■ **Given data**
text \<open>
  Counting sign vectors gives P{S_m = 2r - m} = C(m,r) / 2^m. With m = k^2 + 2i and
  b = (m + k) / 2 this turns delta_i into C(m-1,b) / 2^(m-1) - C(m,b) / 2^m = -k C(m,b) / (m 2^m),
  which is negative. Monotonicity (for every i, not only i < k - 1) amounts to
  m C(m+2,b+1) <= 4 (m+2) C(m,b); by (b+1)(m+1-b) C(m+2,b+1) = (m+1)(m+2) C(m,b) and
  4 (b+1)(m+1-b) = (m+2)^2 - k^2 this reduces to k^2 <= 3m + 4, true because m >= k^2.
\<close>

lemma sum_sign_vector:
  assumes "finite I" "s \<in> I \<rightarrow> {-1, 1::real}"
  shows "(\<Sum>i\<in>I. s i) = 2 * real (card {i\<in>I. s i = 1}) - real (card I)"
proof -
  have "(\<Sum>i\<in>I. s i) = (\<Sum>i\<in>I. 2 * of_bool (s i = 1) - 1)"
    using assms(2) by (intro sum.cong) auto
  also have "\<dots> = 2 * real (card (I \<inter> {i. s i = 1})) - real (card I)"
    using assms(1) by (simp add: sum_subtractf sum_distrib_left[symmetric])
  also have "I \<inter> {i. s i = 1} = {i\<in>I. s i = 1}"
    by blast
  finally show ?thesis .
qed

lemma card_sign_vectors_with_sum:
  assumes "finite I"
  shows "card {s \<in> I \<rightarrow>\<^sub>E {-1, 1::real}. (\<Sum>i\<in>I. s i) = 2 * real r - real (card I)}
         = card I choose r"
proof -
  let ?T = "{s \<in> I \<rightarrow>\<^sub>E {-1, 1::real}. (\<Sum>i\<in>I. s i) = 2 * real r - real (card I)}"
  define signs :: "'a set \<Rightarrow> 'a \<Rightarrow> real"
    where "signs B = restrict (\<lambda>i. if i \<in> B then 1 else -1) I" for B
  have signs_pos: "{i\<in>I. signs B i = 1} = B" if "B \<subseteq> I" for B
    using that by (auto simp: signs_def)
  have "bij_betw (\<lambda>s. {i\<in>I. s i = 1}) ?T {B. B \<subseteq> I \<and> card B = r}"
  proof (rule bij_betw_byWitness[where f' = signs])
    show "\<forall>s\<in>?T. signs {i\<in>I. s i = 1} = s"
      by (force simp: signs_def PiE_def extensional_def)
    show "\<forall>B\<in>{B. B \<subseteq> I \<and> card B = r}. {i\<in>I. signs B i = 1} = B"
      using signs_pos by blast
    show "(\<lambda>s. {i\<in>I. s i = 1}) ` ?T \<subseteq> {B. B \<subseteq> I \<and> card B = r}"
      using sum_sign_vector[OF assms] by (auto simp: PiE_def)
    have "signs B \<in> ?T" if "B \<subseteq> I" "card B = r" for B
    proof -
      have "signs B \<in> I \<rightarrow>\<^sub>E {-1, 1}"
        by (simp add: signs_def)
      moreover from this have "(\<Sum>i\<in>I. signs B i) = 2 * real r - real (card I)"
        using sum_sign_vector[OF assms, of "signs B"] signs_pos[OF that(1)] that(2) by (simp add: PiE_iff)
      ultimately show ?thesis
        by blast
    qed
    then show "signs ` {B. B \<subseteq> I \<and> card B = r} \<subseteq> ?T"
      by blast
  qed
  then have "card ?T = card {B. B \<subseteq> I \<and> card B = r}"
    by (rule bij_betw_same_card)
  with n_subsets[OF assms] show ?thesis
    by simp
qed

definition binomial_weight :: "nat \<Rightarrow> nat \<Rightarrow> real" where
  "binomial_weight m b = real (m choose b) / (real m * 2^m)"

lemma binomial_weight_pos: "0 < m \<Longrightarrow> b \<le> m \<Longrightarrow> 0 < binomial_weight m b"
  by (simp add: binomial_weight_def)

lemma choose_add_two_step:
  assumes "b \<le> m"
  shows "(b + 1) * (m + 1 - b) * ((m + 2) choose (b + 1)) = (m + 2) * (m + 1) * (m choose b)"
proof -
  have "(b + 1) * ((m + 2) choose (b + 1)) = (m + 2) * ((m + 1) choose b)"
    using binomial_absorption[of b "m + 2"] by simp
  moreover have "(m + 1 - b) * ((m + 1) choose b) = (m + 1) * (m choose b)"
    using binomial_absorb_comp[of "m + 1" b] by simp
  ultimately show ?thesis
    by (metis mult.assoc mult.left_commute)
qed

lemma choose_pred_diff_binomial_weight:
  assumes "0 < m"
  shows "real ((m - 1) choose b) / 2^(m - 1) - real (m choose b) / 2^m
         = (real m - 2 * real b) * binomial_weight m b"
proof -
  have absorb: "real m * real ((m - 1) choose b) = (real m - real b) * real (m choose b)"
  proof (cases "b \<le> m")
    case True
    then show ?thesis
      using arg_cong[OF binomial_absorb_comp[of m b], of real] by (simp add: of_nat_diff)
  next
    case False
    then show ?thesis
      by (simp add: binomial_eq_0)
  qed
  have "(2::real)^m = 2 * 2^(m - 1)"
    using assms by (cases m) auto
  then have "real ((m - 1) choose b) / 2^(m - 1) - real (m choose b) / 2^m
             = (2 * (real m * real ((m - 1) choose b)) - real m * real (m choose b)) / (real m * 2^m)"
    using assms by (simp add: field_simps)
  also have "\<dots> = (real m - 2 * real b) * binomial_weight m b"
    unfolding absorb binomial_weight_def by (simp add: field_simps)
  finally show ?thesis .
qed

lemma binomial_weight_step_le:
  assumes "b \<le> m" "0 < m" "2 * b = m + k" "k^2 \<le> 3 * m + 4"
  shows "binomial_weight (m + 2) (b + 1) \<le> binomial_weight m b"
proof -
  define C where "C = real (m choose b)"
  define D where "D = real ((m + 2) choose (b + 1))"
  have recurrence: "(real b + 1) * (real m + 1 - real b) * D = (real m + 2) * (real m + 1) * C"
    using arg_cong[OF choose_add_two_step[OF assms(1)], of real] assms(1)
    unfolding C_def D_def by (simp add: of_nat_diff del: binomial_Suc_Suc) algebra
  have "real m * (real m + 1) \<le> 4 * (real b + 1) * (real m + 1 - real b)"
  proof -
    have "2 * real b = real m + real k" "real k ^ 2 \<le> 3 * real m + 4"
      using assms(3,4) by (simp_all flip: of_nat_power)
    have "4 * (real b + 1) * (real m + 1 - real b) = (2 * real b + 2) * (2 * real m + 2 - 2 * real b)"
      by (simp add: algebra_simps)
    also have "\<dots> = (real m + 2)^2 - real k ^ 2"
      unfolding \<open>2 * real b = real m + real k\<close> by (simp add: algebra_simps power2_eq_square)
    finally show ?thesis
      using \<open>real k ^ 2 \<le> 3 * real m + 4\<close> by (simp add: algebra_simps power2_eq_square)
  qed
  then have "real m * (real m + 1) * D \<le> 4 * (real b + 1) * (real m + 1 - real b) * D"
    by (rule mult_right_mono) (simp add: D_def)
  also have "\<dots> = 4 * (real m + 2) * (real m + 1) * C"
    using arg_cong[OF recurrence, of "(*) 4"] by (simp only: mult.assoc)
  finally have "(real m + 1) * (real m * D) \<le> (real m + 1) * (4 * (real m + 2) * C)"
    by (simp add: algebra_simps)
  then have "real m * D \<le> 4 * (real m + 2) * C"
    by (rule mult_left_le_imp_le) simp
  have "binomial_weight (m + 2) (b + 1) = D / (4 * (real m + 2) * 2^m)"
    unfolding binomial_weight_def D_def[symmetric] by (simp add: power_add mult_ac)
  also have "\<dots> = real m * D / (real m * (4 * (real m + 2) * 2^m))"
    using assms(2) by simp
  also have "\<dots> \<le> 4 * (real m + 2) * C / (real m * (4 * (real m + 2) * 2^m))"
    using \<open>real m * D \<le> 4 * (real m + 2) * C\<close> by (rule divide_right_mono) simp
  also have "\<dots> = 4 * (real m + 2) * C / (4 * (real m + 2) * (real m * 2^m))"
    by (simp only: mult_ac)
  also have "\<dots> = binomial_weight m b"
    unfolding binomial_weight_def C_def[symmetric] by simp
  finally show ?thesis .
qed

locale rademacher_sequence = prob_space +
  fixes eps :: "nat \<Rightarrow> 'a \<Rightarrow> real"
  assumes rademacher: "rademacher_seq M eps"
begin

lemma indep_eps: "indep_vars (\<lambda>_. borel) eps {1..}"
  using rademacher by (simp add: rademacher_seq_def)

lemma measurable_eps: "i \<ge> 1 \<Longrightarrow> eps i \<in> borel_measurable M"
  using indep_eps by (auto simp: indep_vars_def2)

lemma prob_eps_eq_sign:
  assumes "i \<ge> 1" "c \<in> {-1, 1}"
  shows "prob {\<omega>\<in>space M. eps i \<omega> = c} = 1/2"
  using rademacher assms by (auto simp: rademacher_seq_def)

lemma prob_sign_pattern:
  assumes "s \<in> {1..m} \<rightarrow> {-1, 1}"
  shows "prob {\<omega>\<in>space M. \<forall>i\<in>{1..m}. eps i \<omega> = s i} = (1/2)^m"
proof (cases "m = 0")
  case True
  then show ?thesis
    by (simp add: prob_space)
next
  case False
  then have "{\<omega>\<in>space M. \<forall>i\<in>{1..m}. eps i \<omega> = s i} = (\<Inter>i\<in>{1..m}. eps i -` {s i} \<inter> space M)"
    by auto
  also have "prob \<dots> = (\<Prod>i\<in>{1..m}. prob (eps i -` {s i} \<inter> space M))"
    using False by (intro indep_varsD[OF indep_eps]) auto
  also have "\<dots> = (\<Prod>i\<in>{1..m}. 1/2)"
  proof (rule prod.cong)
    fix i assume i: "i \<in> {1..m}"
    then have "s i \<in> {-1, 1}"
      using assms by auto
    moreover have "eps i -` {s i} \<inter> space M = {\<omega>\<in>space M. eps i \<omega> = s i}"
      by blast
    ultimately show "prob (eps i -` {s i} \<inter> space M) = 1/2"
      using prob_eps_eq_sign[of i "s i"] i by simp
  qed simp
  finally show ?thesis
    by simp
qed

lemma sets_eps_eq: "i \<ge> 1 \<Longrightarrow> {\<omega>\<in>space M. eps i \<omega> = c} \<in> sets M"
  using measurable_sets[OF measurable_eps, of i "{c}"] by (simp add: vimage_def Int_def conj_commute)

lemma AE_signs: "AE \<omega> in M. \<forall>i\<in>{1..m}. eps i \<omega> \<in> {-1, 1}"
proof (rule AE_finite_allI)
  fix i assume i: "i \<in> {1..m}"
  have "{\<omega>\<in>space M. eps i \<omega> \<in> {-1, 1}} = {\<omega>\<in>space M. eps i \<omega> = 1} \<union> {\<omega>\<in>space M. eps i \<omega> = -1}"
    by auto
  also have "prob \<dots> = 1/2 + 1/2"
    using i sets_eps_eq[of i] prob_eps_eq_sign[of i 1] prob_eps_eq_sign[of i "-1"]
    by (subst finite_measure_Union) auto
  finally have "AE \<omega> in M. \<omega> \<in> {\<omega>\<in>space M. eps i \<omega> \<in> {-1, 1}}"
    by (intro AE_prob_1) simp
  then show "AE \<omega> in M. eps i \<omega> \<in> {-1, 1}"
    by auto
qed simp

■ **Assignment**
Report the count of lines in the entries that contain the string "Longrightarrow", and nothing besides it.

■ **Finished task**
3